Questa pandemia mette sotto accusa un intero sistema di produzione e di consumo, basato su quella che viene definita in inglese “livestock revolution”, cioè la diffusione a livello planetario degli allevamenti intensivi, che rappresentano una possibile fucina di virus e di altri agenti patogeni. Circa il 60% delle malattie infettive negli umani derivano da una zoonosi. E se molte hanno origine nella fauna selvatica, il bestiame di allevamento serve spesso da ponte epidemiologico tra la fauna selvatica e l’infezione umana.
Non abbiamo, tuttavia, evidenze che ciò sia accaduto nel caso del Covid-19. Quel che è certo è invece che gli allevamenti hanno fatto da ponte per altre infezioni virali che si sono diffuse negli anni scorsi. Fra queste: le influenze aviarie e quella suina.

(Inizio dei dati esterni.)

(* Let $\phi$ be a cocycle with respect to $\theta$ on $\mathbb{R}^+\times\Sigma\times X$ having a bounded pullback absorbing set $\{B_\sigma\}_{\sigma\in\Sigma}$ (not necessarily nested). Assume that for every $\varepsilon>0$ and every $\sigma\in\Sigma$ there exist $T=T(\sigma,\varepsilon)\ge0$ and a function $\psi_{T,\sigma}\in\mathrm{Contr}(B_{\theta_{-T}(\sigma)})$ such that $$\|\phi(T,\theta_{-T}(\sigma);x)-\phi(T,\theta_{-T}(\sigma);y)\|\le\varepsilon+\psi_{T,\sigma}(x,y)\quad\text{for all }x,y\in B_{\theta_{-T}(\sigma)}.$$ Then $\phi$ is pullback asymptotically compact.
   Context: Let $X$ be a Banach space with norm $\|\cdot\|$. Let $\Sigma$ be a set and $\theta=\{\theta_t\}_{t\in\mathbb{R}}$ a group of bijections $\theta_t:\Sigma\to\Sigma$ with $\theta_0=\mathrm{id}$ and $\theta_{t+\tau}=\theta_t\circ\theta_\tau$. A cocycle with respect to $\theta$ is a map $\phi:\mathbb{R}^+\times\Sigma\times X\to X$ with $\phi(0,\sigma;x)=x$ and $\phi(s+t,\sigma;x)=\phi(s,\theta_t(\sigma);\phi(t,\sigma;x))$ for all $s,t\ge 0$. For $B\subset X$, $\phi(t,\sigma;B)=\{\phi(t,\sigma;x):x\in B\}$. A bounded pullback absorbing set is a family $\{B_\sigma\}_{\sigma\in\Sigma}$ of bounded subsets of $X$ such that for every $\sigma$ and bounded $B\subset X$ there is $T\ge0$ with $\phi(t,\theta_{-t}(\sigma);B)\subset B_\sigma$ for all $t\ge T$. For a bounded set $B\subset X$, $\mathrm{Contr}(B)$ denotes the set of functions $\psi:X\times X\to\mathbb{R}$ such that every sequence $\{x_n\}\subset B$ has a subsequence $\{x_{n_k}\}$ with $\lim_{k\to\infty}\lim_{l\to\infty}\psi(x_{n_k},x_{n_l})=0$. $\phi$ is pullback asymptotically compact if for each $\sigma\in\Sigma$, every bounded sequence $\{x_n\}\subset X$ and every $\{t_n\}\subset\mathbb{R}^+$ with $t_n\to+\infty$, the sequence $\{\phi(t_n,\theta_{-t_n}(\sigma);x_n)\}$ is precompact in $X$. *)

theory Defs
  imports "HOL-Analysis.Analysis"
begin

definition is_group_of_bijections :: "(real \<Rightarrow> 's \<Rightarrow> 's) \<Rightarrow> bool" where
  "is_group_of_bijections \<theta> \<longleftrightarrow>
     (\<forall>t. bij (\<theta> t)) \<and> \<theta> 0 = id \<and> (\<forall>t \<tau>. \<theta> (t + \<tau>) = \<theta> t \<circ> \<theta> \<tau>)"

text \<open>Only the values of phi at nonnegative times are relevant.\<close>
definition is_cocycle :: "(real \<Rightarrow> 's \<Rightarrow> 's) \<Rightarrow> (real \<Rightarrow> 's \<Rightarrow> 'x \<Rightarrow> 'x) \<Rightarrow> bool" where
  "is_cocycle \<theta> \<phi> \<longleftrightarrow>
     (\<forall>\<sigma> x. \<phi> 0 \<sigma> x = x) \<and>
     (\<forall>s t \<sigma> x. s \<ge> 0 \<longrightarrow> t \<ge> 0 \<longrightarrow> \<phi> (s + t) \<sigma> x = \<phi> s (\<theta> t \<sigma>) (\<phi> t \<sigma> x))"

definition bounded_pullback_absorbing ::
  "(real \<Rightarrow> 's \<Rightarrow> 's) \<Rightarrow> (real \<Rightarrow> 's \<Rightarrow> 'x::real_normed_vector \<Rightarrow> 'x) \<Rightarrow> ('s \<Rightarrow> 'x set) \<Rightarrow> bool" where
  "bounded_pullback_absorbing \<theta> \<phi> B \<longleftrightarrow>
     (\<forall>\<sigma>. bounded (B \<sigma>)) \<and>
     (\<forall>\<sigma> D. bounded D \<longrightarrow>
        (\<exists>T\<ge>0. \<forall>t\<ge>T. \<phi> t (\<theta> (-t) \<sigma>) ` D \<subseteq> B \<sigma>))"

definition Contr :: "'x set \<Rightarrow> ('x \<Rightarrow> 'x \<Rightarrow> real) set" where
  "Contr B = {\<psi>. \<forall>x::nat \<Rightarrow> 'x. (\<forall>n. x n \<in> B) \<longrightarrow>
      (\<exists>r. strict_mono r \<and>
         (\<exists>L. (\<forall>k. (\<lambda>l. \<psi> (x (r k)) (x (r l))) \<longlonglongrightarrow> L k) \<and> L \<longlonglongrightarrow> 0))}"

definition pullback_asymptotically_compact ::
  "(real \<Rightarrow> 's \<Rightarrow> 's) \<Rightarrow> (real \<Rightarrow> 's \<Rightarrow> 'x::real_normed_vector \<Rightarrow> 'x) \<Rightarrow> bool" where
  "pullback_asymptotically_compact \<theta> \<phi> \<longleftrightarrow>
     (\<forall>\<sigma> (x::nat \<Rightarrow> 'x) (t::nat \<Rightarrow> real).
        bounded (range x) \<longrightarrow> (\<forall>n. t n \<ge> 0) \<longrightarrow> filterlim t at_top sequentially \<longrightarrow>
        compact (closure (range (\<lambda>n. \<phi> (t n) (\<theta> (- t n) \<sigma>) (x n)))))"

end

theory Submission
  imports Defs
begin

(* Fix \<sigma>, a bounded sequence x and times t n \<rightarrow> \<infinity>, and let \<epsilon> > 0 with its T and \<psi>.
   By the cocycle property and absorption, for all large n the point
   \<phi> (t n) (\<theta> (- t n) \<sigma>) (x n) is the image under \<phi> T (\<theta> (-T) \<sigma>) of a point z n
   of B (\<theta> (-T) \<sigma>).  Since \<psi> is contractive there, any infinite family of the z n
   contains a pair with \<psi> < \<epsilon>, so the corresponding orbit points are 2\<epsilon>-close.
   Hence no tail of the orbit contains an infinite 2\<epsilon>-separated family, the orbit is
   totally bounded, and its closure is compact because X is complete. *)

lemma cocycle_pullback_split:
  assumes "is_group_of_bijections \<theta>" and "is_cocycle \<theta> \<phi>" and "0 \<le> T" and "T \<le> t"
  shows "\<phi> t (\<theta> (-t) \<sigma>) x = \<phi> T (\<theta> (-T) \<sigma>) (\<phi> (t - T) (\<theta> (-(t - T)) (\<theta> (-T) \<sigma>)) x)"
proof -
  have shift: "\<theta> a (\<theta> b s) = \<theta> (a + b) s" for a b s
    using assms(1) unfolding is_group_of_bijections_def by simp
  have "\<phi> (T + (t - T)) (\<theta> (-t) \<sigma>) x = \<phi> T (\<theta> (t - T) (\<theta> (-t) \<sigma>)) (\<phi> (t - T) (\<theta> (-t) \<sigma>) x)"
    using assms(2-4) unfolding is_cocycle_def by (meson diff_ge_0_iff_ge)
  moreover have "\<theta> (t - T) (\<theta> (-t) \<sigma>) = \<theta> (-T) \<sigma>" and "\<theta> (-(t - T)) (\<theta> (-T) \<sigma>) = \<theta> (-t) \<sigma>"
    by (simp_all add: shift)
  ultimately show ?thesis
    by simp
qed

lemma Contr_close_pair:
  fixes e :: real and z :: "nat \<Rightarrow> 'a"
  assumes "\<psi> \<in> Contr S" and "\<And>n. z n \<in> S" and "e > 0"
  obtains i j where "i < j" and "\<psi> (z i) (z j) < e"
proof -
  obtain r L where r: "strict_mono r"
    and L: "\<And>k. (\<lambda>l. \<psi> (z (r k)) (z (r l))) \<longlonglongrightarrow> L k" and "L \<longlonglongrightarrow> 0"
    using assms(1,2) unfolding Contr_def by blast
  have "e/2 > 0"
    using \<open>e > 0\<close> by simp
  obtain k where "\<forall>k'\<ge>k. norm (L k' - 0) < e/2"
    using LIMSEQ_D[OF \<open>L \<longlonglongrightarrow> 0\<close> \<open>e/2 > 0\<close>] by blast
  then have k: "\<bar>L k\<bar> < e/2"
    by simp
  obtain M where M: "\<forall>l\<ge>M. norm (\<psi> (z (r k)) (z (r l)) - L k) < e/2"
    using LIMSEQ_D[OF L \<open>e/2 > 0\<close>] by blast
  define l where "l = max M (Suc k)"
  have "r k < r l"
    using r unfolding l_def strict_mono_def by simp
  moreover have "\<psi> (z (r k)) (z (r l)) < e"
  proof -
    have "\<bar>\<psi> (z (r k)) (z (r l)) - L k\<bar> < e/2"
      using M unfolding l_def by simp
    then show ?thesis
      using k by linarith
  qed
  ultimately show thesis
    using that by blast
qed

lemma finite_ball_cover_if_no_separated_sequence:
  fixes S :: "'a::metric_space set"
  assumes "\<And>p :: nat \<Rightarrow> 'a. range p \<subseteq> S \<Longrightarrow> \<exists>i j. i < j \<and> dist (p i) (p j) < e"
  shows "\<exists>K. finite K \<and> K \<subseteq> S \<and> S \<subseteq> (\<Union>x\<in>K. ball x e)"
proof (rule ccontr)
  assume no_cover: "\<not> ?thesis"
  let ?Q = "\<lambda>p (n::nat) r. r \<in> S \<and> (\<forall>m<n. e \<le> dist (p m) r)"
  have "\<exists>p. \<forall>n. ?Q p n (p n)"
  proof (rule dependent_wellorder_choice)
    fix n and p :: "nat \<Rightarrow> 'a"
    assume "\<And>m. m < n \<Longrightarrow> ?Q p m (p m)"
    then have "\<not> S \<subseteq> (\<Union>x\<in>p ` {..<n}. ball x e)"
      using no_cover by blast
    then show "\<exists>r. ?Q p n r"
      by (auto simp: not_less)
  qed simp
  then obtain p :: "nat \<Rightarrow> 'a"
    where "range p \<subseteq> S" and separated: "\<And>m n. m < n \<Longrightarrow> e \<le> dist (p m) (p n)"
    by blast
  then obtain i j where "i < j" and "dist (p i) (p j) < e"
    using assms by blast
  with separated show False
    by fastforce
qed

lemma compact_closure_if_finite_ball_covers:
  fixes S :: "'a::complete_space set"
  assumes "\<And>e. e > 0 \<Longrightarrow> \<exists>K. finite K \<and> K \<subseteq> S \<and> S \<subseteq> (\<Union>x\<in>K. ball x e)"
  shows "compact (closure S)"
proof -
  have "Met_TC.mtotally_bounded S"
    unfolding Met_TC.mtotally_bounded_def mball_eq_ball using assms by presburger
  then show ?thesis
    using Met_TC.mtotally_bounded_eq_compact_closure_of[of S] complete_UNIV by simp
qed

definition tail_not_separated :: "(nat \<Rightarrow> 'a::metric_space) \<Rightarrow> real \<Rightarrow> bool" where
  "tail_not_separated y e \<longleftrightarrow>
     (\<exists>N. \<forall>q :: nat \<Rightarrow> nat. (\<forall>n. N \<le> q n) \<longrightarrow> (\<exists>i j. i < j \<and> dist (y (q i)) (y (q j)) < e))"

lemma compact_closure_range_if_tail_not_separated:
  fixes y :: "nat \<Rightarrow> 'a::complete_space"
  assumes "\<And>e. e > 0 \<Longrightarrow> tail_not_separated y e"
  shows "compact (closure (range y))"
proof (rule compact_closure_if_finite_ball_covers)
  fix e :: real
  assume "e > 0"
  obtain N where N: "\<forall>q :: nat \<Rightarrow> nat. (\<forall>n. N \<le> q n) \<longrightarrow> (\<exists>i j. i < j \<and> dist (y (q i)) (y (q j)) < e)"
    using assms[OF \<open>e > 0\<close>] unfolding tail_not_separated_def ..
  have close_pair_in_tail: "\<exists>i j. i < j \<and> dist (p i) (p j) < e" if "range p \<subseteq> y ` {N..}" for p :: "nat \<Rightarrow> 'a"
  proof -
    have "\<forall>n. \<exists>m. N \<le> m \<and> p n = y m"
      using that by auto
    then obtain q where q: "\<forall>n. N \<le> q n \<and> p n = y (q n)"
      using choice[of "\<lambda>n m. N \<le> m \<and> p n = y m"] by blast
    then have "\<exists>i j. i < j \<and> dist (y (q i)) (y (q j)) < e"
      using N by blast
    then show ?thesis
      using q by auto
  qed
  have "\<exists>K. finite K \<and> K \<subseteq> y ` {N..} \<and> y ` {N..} \<subseteq> (\<Union>x\<in>K. ball x e)"
    by (rule finite_ball_cover_if_no_separated_sequence) (rule close_pair_in_tail)
  then obtain K where K: "finite K" "K \<subseteq> y ` {N..}" "y ` {N..} \<subseteq> (\<Union>x\<in>K. ball x e)"
    by blast
  have "range y \<subseteq> (\<Union>x\<in>K \<union> y ` {..<N}. ball x e)"
  proof
    fix w
    assume "w \<in> range y"
    then obtain n where w: "w = y n"
      by blast
    show "w \<in> (\<Union>x\<in>K \<union> y ` {..<N}. ball x e)"
    proof (cases "n < N")
      case True
      then have "y n \<in> K \<union> y ` {..<N}"
        by blast
      with \<open>e > 0\<close> show ?thesis
        unfolding w by (meson UN_iff centre_in_ball)
    next
      case False
      then have "y n \<in> y ` {N..}"
        by simp
      with K(3) show ?thesis
        unfolding w by blast
    qed
  qed
  with K show "\<exists>K. finite K \<and> K \<subseteq> range y \<and> range y \<subseteq> (\<Union>x\<in>K. ball x e)"
    by (intro exI[of _ "K \<union> y ` {..<N}"]) auto
qed

lemma eventually_pullback_in_image_of_absorbing:
  assumes "is_group_of_bijections \<theta>" and "is_cocycle \<theta> \<phi>"
    and "bounded_pullback_absorbing \<theta> \<phi> B"
    and "bounded (range x)" and "filterlim t at_top sequentially" and "0 \<le> T"
  shows "eventually (\<lambda>n. \<phi> (t n) (\<theta> (- t n) \<sigma>) (x n) \<in> \<phi> T (\<theta> (-T) \<sigma>) ` B (\<theta> (-T) \<sigma>)) sequentially"
proof -
  obtain T0 where "0 \<le> T0" and absorb: "\<forall>s\<ge>T0. \<phi> s (\<theta> (-s) (\<theta> (-T) \<sigma>)) ` range x \<subseteq> B (\<theta> (-T) \<sigma>)"
    using assms(3,4) unfolding bounded_pullback_absorbing_def by blast
  have "eventually (\<lambda>n. T + T0 \<le> t n) sequentially"
    using assms(5) by (simp add: filterlim_at_top)
  then show ?thesis
  proof eventually_elim
    case (elim n)
    then have "T \<le> t n" and "T0 \<le> t n - T"
      using \<open>0 \<le> T0\<close> by linarith+
    then have "\<phi> (t n - T) (\<theta> (-(t n - T)) (\<theta> (-T) \<sigma>)) (x n) \<in> B (\<theta> (-T) \<sigma>)"
      using absorb by blast
    then show ?case
      unfolding cocycle_pullback_split[OF assms(1,2,6) \<open>T \<le> t n\<close>] by (rule imageI)
  qed
qed

lemma Contr_image_tail_not_separated:
  fixes y :: "nat \<Rightarrow> 'a::metric_space"
  assumes "eventually (\<lambda>n. y n \<in> f ` S) sequentially" and "\<psi> \<in> Contr S"
    and "\<forall>a\<in>S. \<forall>b\<in>S. dist (f a) (f b) \<le> e + \<psi> a b" and "e > 0"
  shows "tail_not_separated y (2 * e)"
proof -
  obtain N where N: "\<forall>n\<ge>N. y n \<in> f ` S"
    using assms(1) unfolding eventually_sequentially by blast
  have "\<exists>i j. i < j \<and> dist (y (q i)) (y (q j)) < 2 * e" if "\<forall>n. N \<le> q n" for q :: "nat \<Rightarrow> nat"
  proof -
    have "\<forall>n. \<exists>a. a \<in> S \<and> y (q n) = f a"
      using N that by blast
    then obtain w where "\<forall>n. w n \<in> S \<and> y (q n) = f (w n)"
      using choice[of "\<lambda>n a. a \<in> S \<and> y (q n) = f a"] by blast
    then have w: "\<And>n. w n \<in> S" and y_eq: "\<And>n. y (q n) = f (w n)"
      by simp_all
    obtain i j where "i < j" and "\<psi> (w i) (w j) < e"
      using Contr_close_pair[OF assms(2) w assms(4)] .
    moreover have "dist (y (q i)) (y (q j)) \<le> e + \<psi> (w i) (w j)"
      using assms(3) w by (simp add: y_eq)
    ultimately have "dist (y (q i)) (y (q j)) < 2 * e"
      by linarith
    with \<open>i < j\<close> show ?thesis
      by blast
  qed
  then show ?thesis
    unfolding tail_not_separated_def by blast
qed

theorem corollary4p3:
  fixes \<theta> :: "real \<Rightarrow> 's \<Rightarrow> 's"
    and \<phi> :: "real \<Rightarrow> 's \<Rightarrow> 'x::banach \<Rightarrow> 'x"
    and B :: "'s \<Rightarrow> 'x set"
  assumes "is_group_of_bijections \<theta>"
    and "is_cocycle \<theta> \<phi>"
    and "bounded_pullback_absorbing \<theta> \<phi> B"
    and "\<forall>\<epsilon>>0. \<forall>\<sigma>. \<exists>T\<ge>0. \<exists>\<psi> \<in> Contr (B (\<theta> (-T) \<sigma>)).
           \<forall>x\<in>B (\<theta> (-T) \<sigma>). \<forall>y\<in>B (\<theta> (-T) \<sigma>).
             norm (\<phi> T (\<theta> (-T) \<sigma>) x - \<phi> T (\<theta> (-T) \<sigma>) y) \<le> \<epsilon> + \<psi> x y"
  shows "pullback_asymptotically_compact \<theta> \<phi>"
  unfolding pullback_asymptotically_compact_def
proof (intro allI impI)
  fix \<sigma> and x :: "nat \<Rightarrow> 'x" and t :: "nat \<Rightarrow> real"
  assume "bounded (range x)" and "\<forall>n. 0 \<le> t n" and "filterlim t at_top sequentially"
  show "compact (closure (range (\<lambda>n. \<phi> (t n) (\<theta> (- t n) \<sigma>) (x n))))"
  proof (rule compact_closure_range_if_tail_not_separated)
    fix e :: real
    assume "e > 0"
    then obtain T \<psi> where "0 \<le> T" and \<psi>: "\<psi> \<in> Contr (B (\<theta> (-T) \<sigma>))"
      and contraction: "\<forall>a\<in>B (\<theta> (-T) \<sigma>). \<forall>b\<in>B (\<theta> (-T) \<sigma>).
          dist (\<phi> T (\<theta> (-T) \<sigma>) a) (\<phi> T (\<theta> (-T) \<sigma>) b) \<le> e/2 + \<psi> a b"
      using assms(4) unfolding dist_norm by (meson half_gt_zero)
    have "eventually (\<lambda>n. \<phi> (t n) (\<theta> (- t n) \<sigma>) (x n) \<in> \<phi> T (\<theta> (-T) \<sigma>) ` B (\<theta> (-T) \<sigma>)) sequentially"
      using eventually_pullback_in_image_of_absorbing[OF assms(1-3)] \<open>bounded (range x)\<close>
        \<open>filterlim t at_top sequentially\<close> \<open>0 \<le> T\<close> by blast
    from Contr_image_tail_not_separated[OF this \<psi> contraction] \<open>e > 0\<close>
    show "tail_not_separated (\<lambda>n. \<phi> (t n) (\<theta> (- t n) \<sigma>) (x n)) e"
      by simp
  qed
qed

end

A rendere vulnerabile l’allevamento industriale sono le sue caratteristiche strutturali: non solo l’elevata densità del bestiame, ma anche la sua scarsa varietà genetica. Creati in appositi laboratori, gli animali sono di fatto cloni l’uno dell’altro. Così una qualsiasi infezione può rivelarsi devastante.
Per ovviare al problema, l’industria della carne si affida alla medicina. Il risultato è che il 73% degli antibiotici prodotti al mondo è utilizzato nella zootecnia. Con l’amara conseguenza che questi farmaci si diffondono nell’ambiente e favoriscono la nascita di super-batteri resistenti.
Ma la generalizzazione di questo modello di produzione ha impatti anche più ampi, perché porta alla modifica sostanziale di interi habitat naturali e alla destrutturazione del rapporto tra aree selvatiche e aree agricole in una logica dove gli animali sono meri ingranaggi di una catena di montaggio che li nutre, li fa ingrassare e li manda al macello. Con un esito mostruoso: ogni anno vengono allevati e macellati a livello globale 70 miliardi di animali.
Dove si prendono i prodotti necessari a nutrire tutte questi animali? Oggi un terzo delle terre arabili sono utilizzate per coltivare soia e mais destinati alla zootecnia. La Cina importa su base annua dal Brasile più di 50 milioni di tonnellate di soia. Per far fronte a questa crescente domanda, milioni di ettari di foreste sono stati convertiti alla produzione Agricola.
Questo processo è guidato da un pugno di grandi aziende che controllano l’intera filiera produttiva, definendo le modalità d’allevamento, le linee genetiche, il numero di capi, le quantità di mangime e di antibiotici che vengono loro somministrati. Colossi multinazionali che fanno economie di scala e impongono in tutto il pianeta un modo di produzione unico e standardizzato, scaricando le esternalità negative sull’ambiente e sugli ecosistemi che ne risultano compromessi.